It should be noted that none of the Chin groups have been designated as terrorist organizations by the Attorney General. Rather, Mrs. MSK was labeled as such because of the overly broad and easily abused provisions of INA § 212(a)(3)(B). Such a bar was never intended by Congress, and would have cataclysmic implications not only for Mrs. MSK and Mr. ZC, but for the most brutally oppressed and intensely vulnerable ethnic and religious minorities in the world.
The following arguments address only the narrow issue described as it has broad implications to refugees of the Chin, Karin, Karinni, and other ethnic and religious minorities who have endured decades of gross and systematic human rights violations, arguably amounting to genocide of their tribes, at the hands of Burma’s brutal and illegitimate ruling military junta. Acts of self-defense against such tyranny is inherently not unlawful and specifically not unlawful in the United States.
To consider a human being either “a terrorist” or a material supporter of terrorism for either taking up arms to protect his own life or the lives of others, or for joining those engaged in countering tyranny on his behalf and the behalf of his people, would be reprehensible and in stark contradiction both to recognized inalienable rights and to the firm foundation and great humanitarian traditions of the United States.

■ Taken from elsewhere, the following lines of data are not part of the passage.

(* Let $\theta^0$ be a parameter vector at which Assumption 4 (GMFCQ, stated in the context) holds. If the first-order optimality condition (stated in the context) fails at $\theta^0$, then there exist a direction $D_\theta$ and positive constants $\epsilon_8,\epsilon_9$ such that $$\langle D_\theta,\nabla_\theta\mathcal{O}(\theta^0)\rangle<-\epsilon_8,\qquad \langle D_\theta,\nabla_\theta\text{dist}(b_{ij}(t,\theta^0),o_k)\rangle>\epsilon_9$$ for all $(i,j,k,t)$ with $\text{dist}(b_{ij}(t,\theta^0),o_k)=d_0$.
   Context: For a finite-dimensional parameter vector $\theta$ and $t\in[0,T]$, robot pieces $b_{ij}(t,\theta)\subset\mathbb{R}^3$ and obstacle pieces $o_k\subset\mathbb{R}^3$ are given (finitely many triples $(i,j,k)$) such that each $(t,\theta)\mapsto\text{dist}(b_{ij}(t,\theta),o_k)$ (shortest Euclidean distance) is differentiable; $d_0\ge0$ is a safe distance; $\mathcal{O}(\theta)$ is a differentiable cost. First-order optimality at $\theta^0$: for every direction $D_\theta$ with $\langle D_\theta,\nabla_\theta\text{dist}(b_{ij}(t,\theta^0),o_k)\rangle\ge0$ for all $(i,j,k,t)$ with $\text{dist}(b_{ij}(t,\theta^0),o_k)=d_0$, one has $\langle D_\theta,\nabla_\theta\mathcal{O}(\theta^0)\rangle\ge0$. Assumption 4 (GMFCQ at $\theta^0$): there exist a direction $D_\theta$ and $\epsilon_7>0$ with $\langle D_\theta,\nabla_\theta\text{dist}(b_{ij}(t,\theta^0),o_k)\rangle\ge\epsilon_7$ for all $(i,j,k,t)$ with $\text{dist}(b_{ij}(t,\theta^0),o_k)=d_0$. *)

theory Defs
  imports "HOL-Analysis.Analysis"
begin

definition grad :: "('a::real_inner \<Rightarrow> real) \<Rightarrow> 'a \<Rightarrow> 'a" where
  "grad f x = (SOME D. GDERIV f x :> D)"

definition piece_dist ::
  "('i \<Rightarrow> 'j \<Rightarrow> real \<Rightarrow> 'a \<Rightarrow> (real^3) set) \<Rightarrow> ('k \<Rightarrow> (real^3) set)
    \<Rightarrow> 'i \<Rightarrow> 'j \<Rightarrow> 'k \<Rightarrow> real \<Rightarrow> 'a \<Rightarrow> real" where
  "piece_dist b obs i j k t \<theta> = setdist (b i j t \<theta>) (obs k)"

end

theory Submission
  imports Defs
begin

text \<open>A direction \<open>D\<^sub>1\<close> witnessing the failure of first-order optimality is
  a descent direction that is feasible to first order. Adding a small multiple of the
  GMFCQ direction \<open>D\<^sub>2\<close> makes it strictly feasible, with a uniform margin, while
  keeping a strict descent margin; the step size is chosen against
  \<open>|\<langle>D\<^sub>2, \<nabla>\<O>\<rangle>|\<close>.\<close>

lemma strictly_feasible_descent_direction:
  fixes g D\<^sub>1 D\<^sub>2 :: "'a::real_inner" and S :: "'a set"
  assumes descent: "inner D\<^sub>1 g < 0"
    and feasible: "\<And>x. x \<in> S \<Longrightarrow> inner D\<^sub>1 x \<ge> 0"
    and margin_pos: "e > 0"
    and strictly_feasible: "\<And>x. x \<in> S \<Longrightarrow> inner D\<^sub>2 x \<ge> e"
  obtains \<epsilon> \<delta> D where "\<epsilon> > 0" "\<delta> > 0" "inner D g < - \<epsilon>"
    "\<And>x. x \<in> S \<Longrightarrow> inner D x > \<delta>"
proof -
  define c where "c = - inner D\<^sub>1 g"
  define a where "a = inner D\<^sub>2 g"
  define s where "s = c / (2 * (\<bar>a\<bar> + 1))"
  define D where "D = D\<^sub>1 + s *\<^sub>R D\<^sub>2"
  have c_pos: "c > 0"
    using descent by (simp add: c_def)
  then have s_pos: "s > 0"
    by (simp add: s_def add_pos_nonneg)
  have "s * a \<le> s * (\<bar>a\<bar> + 1)"
    using s_pos by (intro mult_left_mono) auto
  also have "\<dots> = c / 2"
    unfolding s_def by (simp add: field_simps add_pos_nonneg)
  finally have "inner D g \<le> - c / 2"
    by (simp add: D_def c_def a_def inner_add_left)
  then have descent_margin: "inner D g < - (c / 4)"
    using c_pos by linarith
  have feasible_margin: "inner D x > s * e / 2" if "x \<in> S" for x
  proof -
    have "s * e \<le> s * inner D\<^sub>2 x"
      using strictly_feasible[OF that] s_pos by (intro mult_left_mono) auto
    moreover have "inner D x = inner D\<^sub>1 x + s * inner D\<^sub>2 x"
      by (simp add: D_def inner_add_left)
    moreover have "s * e > 0"
      using s_pos margin_pos by simp
    ultimately show ?thesis
      using feasible[OF that] by linarith
  qed
  show thesis
    using that[of "c / 4" "s * e / 2" D] c_pos s_pos margin_pos descent_margin feasible_margin
    by simp
qed

theorem lemma8:
  fixes b :: "'i \<Rightarrow> 'j \<Rightarrow> real \<Rightarrow> 'a::euclidean_space \<Rightarrow> (real^3) set"
    and obs :: "'k \<Rightarrow> (real^3) set"
    and P :: "('i \<times> 'j \<times> 'k) set"
    and T d0 :: real
    and Ocost :: "'a \<Rightarrow> real"
    and \<theta>0 :: 'a
  assumes finP: "finite P"
    and d0_nonneg: "0 \<le> d0"
    and dist_diff: "\<forall>(i,j,k)\<in>P. \<forall>t\<in>{0..T}. \<forall>\<theta>.
          (\<lambda>(s,\<phi>). piece_dist b obs i j k s \<phi>) differentiable (at (t,\<theta>) within ({0..T} \<times> UNIV))"
    and O_diff: "\<forall>\<theta>. Ocost differentiable (at \<theta>)"
    and GMFCQ: "\<exists>D \<epsilon>7. \<epsilon>7 > 0 \<and>
          (\<forall>(i,j,k)\<in>P. \<forall>t\<in>{0..T}. piece_dist b obs i j k t \<theta>0 = d0 \<longrightarrow>
             inner D (grad (piece_dist b obs i j k t) \<theta>0) \<ge> \<epsilon>7)"
    and not_FOC: "\<not> (\<forall>D. (\<forall>(i,j,k)\<in>P. \<forall>t\<in>{0..T}. piece_dist b obs i j k t \<theta>0 = d0 \<longrightarrow>
             inner D (grad (piece_dist b obs i j k t) \<theta>0) \<ge> 0)
          \<longrightarrow> inner D (grad Ocost \<theta>0) \<ge> 0)"
  shows "\<exists>D \<epsilon>8 \<epsilon>9. \<epsilon>8 > 0 \<and> \<epsilon>9 > 0 \<and> inner D (grad Ocost \<theta>0) < - \<epsilon>8 \<and>
          (\<forall>(i,j,k)\<in>P. \<forall>t\<in>{0..T}. piece_dist b obs i j k t \<theta>0 = d0 \<longrightarrow>
             inner D (grad (piece_dist b obs i j k t) \<theta>0) > \<epsilon>9)"
proof -
  define active where "active i j k t \<longleftrightarrow>
    (i, j, k) \<in> P \<and> t \<in> {0..T} \<and> piece_dist b obs i j k t \<theta>0 = d0" for i j k t
  define active_grads where "active_grads =
    {grad (piece_dist b obs i j k t) \<theta>0 | i j k t. active i j k t}"
  obtain D\<^sub>1 where "inner D\<^sub>1 (grad Ocost \<theta>0) < 0"
    and "\<forall>(i,j,k)\<in>P. \<forall>t\<in>{0..T}. piece_dist b obs i j k t \<theta>0 = d0 \<longrightarrow>
           inner D\<^sub>1 (grad (piece_dist b obs i j k t) \<theta>0) \<ge> 0"
    using not_FOC by (meson not_le)
  then have "inner D\<^sub>1 (grad Ocost \<theta>0) < 0"
    and "\<And>x. x \<in> active_grads \<Longrightarrow> inner D\<^sub>1 x \<ge> 0"
    unfolding active_grads_def active_def by blast+
  moreover obtain D\<^sub>2 \<epsilon>7 where "\<epsilon>7 > 0"
    and "\<forall>(i,j,k)\<in>P. \<forall>t\<in>{0..T}. piece_dist b obs i j k t \<theta>0 = d0 \<longrightarrow>
           inner D\<^sub>2 (grad (piece_dist b obs i j k t) \<theta>0) \<ge> \<epsilon>7"
    using GMFCQ by blast
  then have "\<epsilon>7 > 0" and "\<And>x. x \<in> active_grads \<Longrightarrow> inner D\<^sub>2 x \<ge> \<epsilon>7"
    unfolding active_grads_def active_def by blast+
  ultimately obtain \<epsilon> \<delta> D where "\<epsilon> > 0" "\<delta> > 0" "inner D (grad Ocost \<theta>0) < - \<epsilon>"
    and margin: "\<And>x. x \<in> active_grads \<Longrightarrow> inner D x > \<delta>"
    by (rule strictly_feasible_descent_direction) auto
  moreover have "inner D (grad (piece_dist b obs i j k t) \<theta>0) > \<delta>" if "active i j k t" for i j k t
    using margin that unfolding active_grads_def by blast
  ultimately show ?thesis
    unfolding active_def by blast
qed

end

Mankind’s inherent and natural right to self-defense and preservation of life and property is firmly established in our Constitution and Bill of Rights and in volumes of writings by our nation’s founding fathers. This inalienable right has been recognized for centuries, and in the common law traditions upon which our nation was founded. It is inconceivable that the United States Congress contemplated legislating away this inherent right without an explicit abrogation of such common law and Constitutionally recognized right within the text of INA § 212(a)(3)(B).
Neither natural law nor congressional intent supports the barring from asylum of those who have exercised their inherent and legal right to self-defense. It is respectfully submitted that the U.S. must not bar from asylum those like Mrs. SWK and Mr. ZC, who have simply participated in the resistance movement necessary to protect the Chin ethnic minority from state-sponsored terror.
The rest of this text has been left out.